Our legislation should have been an important priority for environmentalists because developing brownfields would take pressure off expanding construction to California’s rapidly dwindling green spaces. And yet the Sierra Club opposed the bill, claiming that the legislation’s flexibility would be abused by unscrupulous developers. We felt there were adequate safeguards, and that together, civil rights and environmental groups would be able to protect inner-city residents from new risks while accelerating economic development.
We eventually compromised on a watered-down version of the bill that was signed into law. But because the new standards remained so inflexible, we haven’t seen the kind of economic redevelopment of urban brownfields that low-income and mostly communities of color desperately need. Contaminated urban sites remain contaminated, economic development and affordable housing in the inner city hasn’t occurred, and California’s green spaces continue to be developed.

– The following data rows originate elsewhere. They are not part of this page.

(* Let $m\in\mathbb{N}$ and $\mathbb{E}_m=\mathbb{E}^{\otimes_{\mathbb{R}}m}$. There exists an ordering $Q_m$ on the ring $\mathbb{E}_m$ (i.e. $\mathbb{E}_m=Q_m\sqcup\{0\}\sqcup(-Q_m)$, $Q_m+Q_m\subset Q_m$, $Q_mQ_m\subset Q_m$) such that $Q^{\otimes_{\mathbb{R}}m}\subseteq Q_m$, i.e. every simple tensor $u_1\otimes\cdots\otimes u_m$ with all $u_i\in Q$ lies in $Q_m$.
   Context: $\mathbb{E}=\bigcup_{n\geq1}\mathbb{R}((t^{1/n}))$ is the field of Puiseux series over $\mathbb{R}$. For $f\in\mathbb{E}\setminus\{0\}$ let $\mathfrak{c}(f)$ be the coefficient of its nonzero term of smallest $t$-exponent, and $Q=\{f\in\mathbb{E}:\mathfrak{c}(f)>0\}$ (an ordering of $\mathbb{E}$). Tensor products are over $\mathbb{R}$. *)

theory Defs
  imports Complex_Main
begin

text \<open>Puiseux series over the reals, represented by their coefficient functions
  (exponent in the rationals to real coefficient).\<close>

definition puiseux :: "(rat \<Rightarrow> real) set" where
  "puiseux = {f. \<exists>n::nat. n > 0 \<and> (\<exists>N::rat. \<forall>q. f q \<noteq> 0 \<longrightarrow>
      N \<le> q \<and> (\<exists>k::int. q = of_int k / of_nat n))}"

text \<open>Product of Puiseux series (Cauchy product; each sum is finite for Puiseux series).\<close>
definition pmult :: "(rat \<Rightarrow> real) \<Rightarrow> (rat \<Rightarrow> real) \<Rightarrow> rat \<Rightarrow> real" where
  "pmult f g = (\<lambda>q. \<Sum>a\<in>{a. f a \<noteq> 0 \<and> g (q - a) \<noteq> 0}. f a * g (q - a))"

definition puiseux_pos :: "(rat \<Rightarrow> real) set" where
  "puiseux_pos = {f \<in> puiseux. \<exists>q. f q > 0 \<and> (\<forall>p<q. f p = 0)}"

text \<open>The m-fold tensor product over R is the quotient of the free real vector space on
  m-tuples of Puiseux series (finitely supported functions on lists of length m) by the
  subspace spanned by the multilinearity relations.\<close>

definition free_tensors :: "nat \<Rightarrow> ((rat \<Rightarrow> real) list \<Rightarrow> real) set" where
  "free_tensors m = {x. finite {t. x t \<noteq> 0} \<and>
      (\<forall>t. x t \<noteq> 0 \<longrightarrow> length t = m \<and> set t \<subseteq> puiseux)}"

definition simple_tensor :: "(rat \<Rightarrow> real) list \<Rightarrow> (rat \<Rightarrow> real) list \<Rightarrow> real" where
  "simple_tensor t = (\<lambda>s. if s = t then 1 else 0)"

inductive_set tensor_relations :: "nat \<Rightarrow> ((rat \<Rightarrow> real) list \<Rightarrow> real) set"
  for m :: nat where
  zero: "(\<lambda>_. 0) \<in> tensor_relations m"
| add_rel: "\<lbrakk>length us = m; set us \<subseteq> puiseux; i < m; a \<in> puiseux; b \<in> puiseux\<rbrakk> \<Longrightarrow>
    (\<lambda>s. simple_tensor (us[i := (\<lambda>q. a q + b q)]) s - simple_tensor (us[i := a]) s
          - simple_tensor (us[i := b]) s) \<in> tensor_relations m"
| smult_rel: "\<lbrakk>length us = m; set us \<subseteq> puiseux; i < m; a \<in> puiseux\<rbrakk> \<Longrightarrow>
    (\<lambda>s. simple_tensor (us[i := (\<lambda>q. c * a q)]) s - c * simple_tensor (us[i := a]) s)
      \<in> tensor_relations m"
| add: "\<lbrakk>x \<in> tensor_relations m; y \<in> tensor_relations m\<rbrakk> \<Longrightarrow>
    (\<lambda>s. x s + y s) \<in> tensor_relations m"
| scale: "x \<in> tensor_relations m \<Longrightarrow> (\<lambda>s. c * x s) \<in> tensor_relations m"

For too long progressives have created their identities according to the very specific problems they hope to solve. While I don’t consider myself an environmentalist, I do care about many of the things that environmentalists work to protect and preserve. I care more deeply, however, about creating good jobs and affordable housing for my community. This means that the environmental or post-environmental movement that will speak to my community must first and foremost promise economic development and better quality of life.
While there are many who feel sadness and anger that environmentalism is dead, I am optimistic that in dying, environmentalism might give birth to a new politics that offers a better future to both my community and the planet. Those environmentalists who are ready to relive will find many new allies like me ready to join them in building a new and more expansive movement on the other side.